I got this expression for my $b_n$ to a Fourier series: $$b_n=\frac{(2- \pi^2 n^2)\cos(\pi n) -2}{4( \pi n)^3}$$ Now I want to write it in a closed form without the use of $\text{when } n \text{ is even}$ and $\text{when } n \text{ is odd}$. How could this be done?
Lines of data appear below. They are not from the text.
(* Let $\alpha\in\mathbb N$, $\alpha\ge2$, and $\gamma>0$. Then $\mathcal H(K^{\cos}_{\alpha,\gamma})\subseteq\mathcal H(K^{\rm sob}_{\alpha,\gamma})$ and for every $f\in\mathcal H(K^{\cos}_{\alpha,\gamma})$, $$\|f\|_{K^{\rm sob}_{\alpha,\gamma}}\le\left(\frac{\pi^{2(\alpha+1)}-1}{\pi^2-1}\right)^{1/2}\|f\|_{K^{\cos}_{\alpha,\gamma}}.$$ Moreover the function $x\mapsto x$ lies in $\mathcal H(K^{\rm sob}_{\alpha,\gamma})$ but not in $\mathcal H(K^{\cos}_{\alpha,\gamma})$ (indeed it is not in $\mathcal H(K^{\cos}_{\alpha,\gamma})$ for any real $\alpha\ge3/2$).
   Context: $r_{\alpha,\gamma}(0)=1$, $r_{\alpha,\gamma}(k)=\gamma|k|^{-2\alpha}$ for $k\neq0$. Cosine coefficients: $\tilde f_{\cos}(0)=\int_0^1f$, $\tilde f_{\cos}(k)=\int_0^1f(x)\sqrt2\cos(\pi kx)\,dx$ for $k\ge1$. $\mathcal H(K^{\cos}_{\alpha,\gamma})$ is the space of functions with $\|f\|^2_{K^{\cos}_{\alpha,\gamma}}=\sum_{k\ge0}|\tilde f_{\cos}(k)|^2r_{\alpha,\gamma}(k)^{-1}<\infty$ (reproducing kernel $1+\sum_{k\ge1}r_{\alpha,\gamma}(k)2\cos(\pi kx)\cos(\pi ky)$). $\mathcal H(K^{\rm sob}_{\alpha,\gamma})$ is the Sobolev space with inner product $\langle f,g\rangle=\int_0^1f\int_0^1g+\frac1\gamma\sum_{\tau=1}^{\alpha-1}\int_0^1f^{(\tau)}\int_0^1g^{(\tau)}+\frac1\gamma\int_0^1f^{(\alpha)}g^{(\alpha)}$. *)

theory Defs
  imports "HOL-Analysis.Analysis"
begin

definition r_weight :: "real \<Rightarrow> real \<Rightarrow> nat \<Rightarrow> real" where
  "r_weight \<alpha> \<gamma> k = (if k = 0 then 1 else \<gamma> * (real k) powr (- 2 * \<alpha>))"

definition cos_basis :: "nat \<Rightarrow> real \<Rightarrow> real" where
  "cos_basis k x = (if k = 0 then 1 else sqrt 2 * cos (pi * real k * x))"

definition cos_coeff :: "(real \<Rightarrow> real) \<Rightarrow> nat \<Rightarrow> real" where
  "cos_coeff f k = (LINT x:{0..1}|lborel. f x * cos_basis k x)"

definition H_cos :: "real \<Rightarrow> real \<Rightarrow> (real \<Rightarrow> real) set" where
  "H_cos \<alpha> \<gamma> = {f. \<exists>c::nat \<Rightarrow> real.
      summable (\<lambda>k. (c k)\<^sup>2 / r_weight \<alpha> \<gamma> k) \<and>
      (\<forall>x\<in>{0..1}. (\<lambda>k. c k * cos_basis k x) sums f x)}"

definition cos_norm :: "real \<Rightarrow> real \<Rightarrow> (real \<Rightarrow> real) \<Rightarrow> real" where
  "cos_norm \<alpha> \<gamma> f = sqrt (\<Sum>k. (cos_coeff f k)\<^sup>2 / r_weight \<alpha> \<gamma> k)"

text \<open>D is a family of derivatives of f of orders 0..alpha on [0,1]:
  D 0 = f, D tau is differentiable with derivative D (tau+1) for tau < alpha-1,
  D (alpha-1) is absolutely continuous with a.e. derivative D alpha, and
  D alpha is square integrable on [0,1].\<close>
definition sob_derivs :: "nat \<Rightarrow> (real \<Rightarrow> real) \<Rightarrow> (nat \<Rightarrow> real \<Rightarrow> real) \<Rightarrow> bool" where
  "sob_derivs \<alpha> f D \<longleftrightarrow>
     (\<forall>x\<in>{0..1}. D 0 x = f x) \<and>
     (\<forall>\<tau><\<alpha> - 1. \<forall>x\<in>{0..1}.
         (D \<tau> has_real_derivative D (Suc \<tau>) x) (at x within {0..1})) \<and>
     D \<alpha> \<in> borel_measurable lborel \<and>
     set_integrable lborel {0..1} (\<lambda>x. (D \<alpha> x)\<^sup>2) \<and>
     (\<forall>x\<in>{0..1}. D (\<alpha> - 1) x = D (\<alpha> - 1) 0 + (LINT t:{0..x}|lborel. D \<alpha> t))"

definition H_sob :: "nat \<Rightarrow> (real \<Rightarrow> real) set" where
  "H_sob \<alpha> = {f. \<exists>D. sob_derivs \<alpha> f D}"

text \<open>Sobolev norm (independent of the choice of derivative family).\<close>
definition sob_norm :: "nat \<Rightarrow> real \<Rightarrow> (real \<Rightarrow> real) \<Rightarrow> real" where
  "sob_norm \<alpha> \<gamma> f = (let D = (SOME D. sob_derivs \<alpha> f D) in
     sqrt ((LINT x:{0..1}|lborel. f x)\<^sup>2
       + (1 / \<gamma>) * (\<Sum>\<tau>=1..\<alpha>-1. (LINT x:{0..1}|lborel. D \<tau> x)\<^sup>2)
       + (1 / \<gamma>) * (LINT x:{0..1}|lborel. (D \<alpha> x)\<^sup>2)))"

end

theory Submission
  imports Defs
begin

text \<open>
  Write \<open>f = (\<Sum>k. c k * cos_basis k)\<close> with \<open>\<Sum>k. c k^2 * k^(2\<alpha>)\<close> finite. For \<open>j < \<alpha>\<close> the
  termwise differentiated series converge uniformly (Weierstrass test, as
  \<open>\<Sum>k. \<bar>c k\<bar> * k^j\<close> is finite) and are the classical derivatives of \<open>f\<close>. The derivatives of
  the cosine basis stay orthogonal on \<open>[0,1]\<close>, the \<open>j\<close>-th derivative of \<open>cos_basis k\<close> having
  squared norm \<open>(\<pi> k)^(2j)\<close>. Hence the partial sums of the \<open>\<alpha>\<close>-th derivative series are Cauchy
  in \<open>L\<^sup>2\<close>; an a.e. limit of a subsequence is a weak \<open>\<alpha>\<close>-th derivative, and Fatou's lemma bounds
  the squared \<open>L\<^sup>2\<close> norm of the \<open>\<tau>\<close>-th derivative by \<open>\<pi>^(2\<tau>) * (\<Sum>k. c k^2 * k^(2\<alpha>))\<close>, which
  also bounds the square of its integral. Sobolev derivatives are unique (the top one a.e.), so
  summing these bounds gives the norm estimate with constant \<open>\<Sum>i\<le>\<alpha>. \<pi>^(2i)\<close>.
  For \<open>f x = x\<close> the odd cosine coefficients are \<open>-2 sqrt 2 / (\<pi> m)^2\<close>, so for \<open>a \<ge> 3/2\<close> the
  weighted coefficient series dominates a multiple of the divergent \<open>\<Sum>m odd. 1/m\<close>.
\<close>

section \<open>Derivatives of the cosine basis\<close>

text \<open>Each derivative shifts the phase by \<open>\<pi>/2\<close>.\<close>

definition cos_basis_deriv :: "nat \<Rightarrow> nat \<Rightarrow> real \<Rightarrow> real" where
  "cos_basis_deriv j k x = (if k = 0 then (if j = 0 then 1 else 0)
      else sqrt 2 * (pi * real k) ^ j * cos (pi * real k * x + real j * pi / 2))"

definition cos_basis_deriv_weight :: "nat \<Rightarrow> nat \<Rightarrow> real" where
  "cos_basis_deriv_weight j k = (if k = 0 then (if j = 0 then 1 else 0) else (pi * real k) ^ (2 * j))"

lemma cos_basis_deriv_0: "cos_basis_deriv 0 k x = cos_basis k x"
  by (simp add: cos_basis_deriv_def cos_basis_def)

lemma cos_basis_deriv_pos:
  "k \<noteq> 0 \<Longrightarrow> cos_basis_deriv j k = (\<lambda>x. sqrt 2 * (pi * real k) ^ j * cos (pi * real k * x + real j * pi / 2))"
  by (simp add: cos_basis_deriv_def fun_eq_iff)

lemma cos_basis_deriv_zero: "cos_basis_deriv j 0 = (\<lambda>_. if j = 0 then 1 else 0)"
  by (simp add: cos_basis_deriv_def fun_eq_iff)

lemma has_real_derivative_cos_basis_deriv:
  "(cos_basis_deriv j k has_real_derivative cos_basis_deriv (Suc j) k x) (at x within S)"
proof (cases "k = 0")
  case True
  then show ?thesis by (simp add: cos_basis_deriv_zero)
next
  case False
  have shift: "- sin (pi * real k * x + real j * pi / 2) = cos (pi * real k * x + real (Suc j) * pi / 2)"
    by (simp add: minus_sin_cos_eq distrib_right add_divide_distrib add_ac)
  have "((\<lambda>x. sqrt 2 * (pi * real k) ^ j * cos (pi * real k * x + real j * pi / 2)) has_real_derivative
        sqrt 2 * (pi * real k) ^ j * (- sin (pi * real k * x + real j * pi / 2) * (pi * real k)))
        (at x within S)"
    by (auto intro!: derivative_eq_intros)
  moreover have "cos_basis_deriv (Suc j) k x
      = sqrt 2 * (pi * real k) ^ j * (- sin (pi * real k * x + real j * pi / 2) * (pi * real k))"
    using False by (simp only: cos_basis_deriv_def shift if_False) (simp add: mult_ac)
  ultimately show ?thesis
    using False by (simp add: cos_basis_deriv_pos)
qed

lemma continuous_on_cos_basis_deriv: "continuous_on S (cos_basis_deriv j k)"
  by (cases "k = 0") (auto simp: cos_basis_deriv_zero cos_basis_deriv_pos intro!: continuous_intros)

lemma abs_cos_basis_deriv_le: "\<bar>cos_basis_deriv j k x\<bar> \<le> 2 * (pi * real k) ^ j + 1"
proof (cases "k = 0")
  case False
  have "\<bar>cos_basis_deriv j k x\<bar> = sqrt 2 * (pi * real k) ^ j * \<bar>cos (pi * real k * x + real j * pi / 2)\<bar>"
    using False by (simp add: cos_basis_deriv_pos abs_mult)
  also have "\<dots> \<le> 2 * (pi * real k) ^ j * 1"
    using sqrt2_less_2 by (intro mult_mono) auto
  finally show ?thesis by simp
qed (simp add: cos_basis_deriv_def)

lemma set_integral_FTC_Icc:
  fixes f F :: "real \<Rightarrow> real"
  assumes "a \<le> b" "\<And>x. (F has_real_derivative f x) (at x)" "continuous_on {a..b} f"
  shows "(LINT x:{a..b}|lborel. f x) = F b - F a"
  unfolding set_lebesgue_integral_def
  by (rule integral_FTC_Icc)
     (use assms in \<open>auto simp: has_real_derivative_iff_has_vector_derivative[symmetric]
        intro: has_field_derivative_at_within\<close>)

lemma set_integral_cos_int_multiple:
  fixes p q :: int
  assumes "p \<noteq> 0"
  shows "(LINT x:{0..1}|lborel. cos (pi * of_int p * x + pi * of_int q)) = 0"
proof -
  have "(LINT x:{0..1}|lborel. cos (pi * of_int p * x + pi * of_int q))
      = sin (pi * of_int (p + q)) / (pi * of_int p) - sin (pi * of_int q) / (pi * of_int p)"
    by (subst set_integral_FTC_Icc[where F = "\<lambda>x. sin (pi * of_int p * x + pi * of_int q) / (pi * of_int p)"])
       (use assms in \<open>auto intro!: derivative_eq_intros continuous_intros simp: distrib_left\<close>)
  then show ?thesis by (simp only: sin_npi_int)
qed

lemma set_integral_Icc_01_const: "(LINT (x::real):{0..1}|lborel. c) = (c::real)"
  by (subst set_integral_const) (auto simp: measure_lborel_Icc emeasure_lborel_Icc)

lemma set_integral_cos_basis_deriv_mult:
  "(LINT x:{0..1}|lborel. cos_basis_deriv j k x * cos_basis_deriv j m x) =
     (if k = m then cos_basis_deriv_weight j k else 0)"
proof (cases "k = 0 \<or> m = 0")
  case True
  have cos_int: "(LINT x:{0..1}|lborel. cos (pi * of_int (int n) * x + pi * of_int 0)) = 0" if "n \<noteq> 0" for n
    by (rule set_integral_cos_int_multiple) (use that in auto)
  show ?thesis
    using True cos_int[of k] cos_int[of m]
    by (auto simp: cos_basis_deriv_def cos_basis_deriv_weight_def set_integral_Icc_01_const)
next
  case False
  define C where "C = (pi * real k) ^ j * (pi * real m) ^ j"
  have product: "cos_basis_deriv j k x * cos_basis_deriv j m x
      = C * (cos (pi * of_int (int k - int m) * x + pi * of_int 0)
             + cos (pi * of_int (int k + int m) * x + pi * of_int (int j)))" for x
  proof -
    have "cos_basis_deriv j k x * cos_basis_deriv j m x
        = 2 * C * (cos (pi * real k * x + real j * pi / 2) * cos (pi * real m * x + real j * pi / 2))"
      using False by (simp add: cos_basis_deriv_pos C_def mult_ac)
    also have "\<dots> = C * (cos (pi * of_int (int k - int m) * x + pi * of_int 0)
             + cos (pi * of_int (int k + int m) * x + pi * of_int (int j)))"
      by (simp add: cos_times_cos algebra_simps)
    finally show ?thesis .
  qed
  have sum_freq: "(LINT x:{0..1}|lborel. cos (pi * of_int (int k + int m) * x + pi * of_int (int j))) = 0"
    by (rule set_integral_cos_int_multiple) (use False in auto)
  have "(LINT x:{0..1}|lborel. cos_basis_deriv j k x * cos_basis_deriv j m x)
      = C * (LINT x:{0..1}|lborel. cos (pi * of_int (int k - int m) * x + pi * of_int 0))"
    unfolding product
    by (subst set_integral_mult_right, subst set_integral_add)
       (auto intro!: borel_integrable_atLeastAtMost' continuous_intros simp only: sum_freq add_0_right)
  moreover have "(LINT x:{0..1}|lborel. cos (pi * of_int (int k - int m) * x + pi * of_int 0)) = 0"
    if "k \<noteq> m"
    by (rule set_integral_cos_int_multiple) (use that in auto)
  ultimately show ?thesis
    using False
    by (auto simp: C_def cos_basis_deriv_weight_def set_integral_Icc_01_const power_mult_distrib
        power_mult power2_eq_square)
qed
  • $\begingroup$ You mean you want to do more than replace $\cos\pi n$ by $(-1)^n$? $\endgroup$
    – almagest
    Sep 3, 2014 at 15:34
  • $\begingroup$ @almagest Yes, I know this one already. $\endgroup$
    – E Be
    Sep 3, 2014 at 15:35
  • $\begingroup$ Put that is unlikely to be possible. Try looking at the first dozen values. We have $b_n>0$ for $n$ odd and $b_n<0$ for $n$ even. $\endgroup$
    – almagest
    Sep 3, 2014 at 15:41

1 Answer 1


If n is even then $b_n$ will have the form

$$ b_{2m}=\frac{(2 - 4\pi^2 m^2)\cos(2\pi m) -2}{4( 2\pi m)^3}= -\frac{ 1 }{8\pi m}.$$

I eave it for you to do the odd case. Note that you need $\cos( (2m+1)\pi ) =(-1)^{m+1}$.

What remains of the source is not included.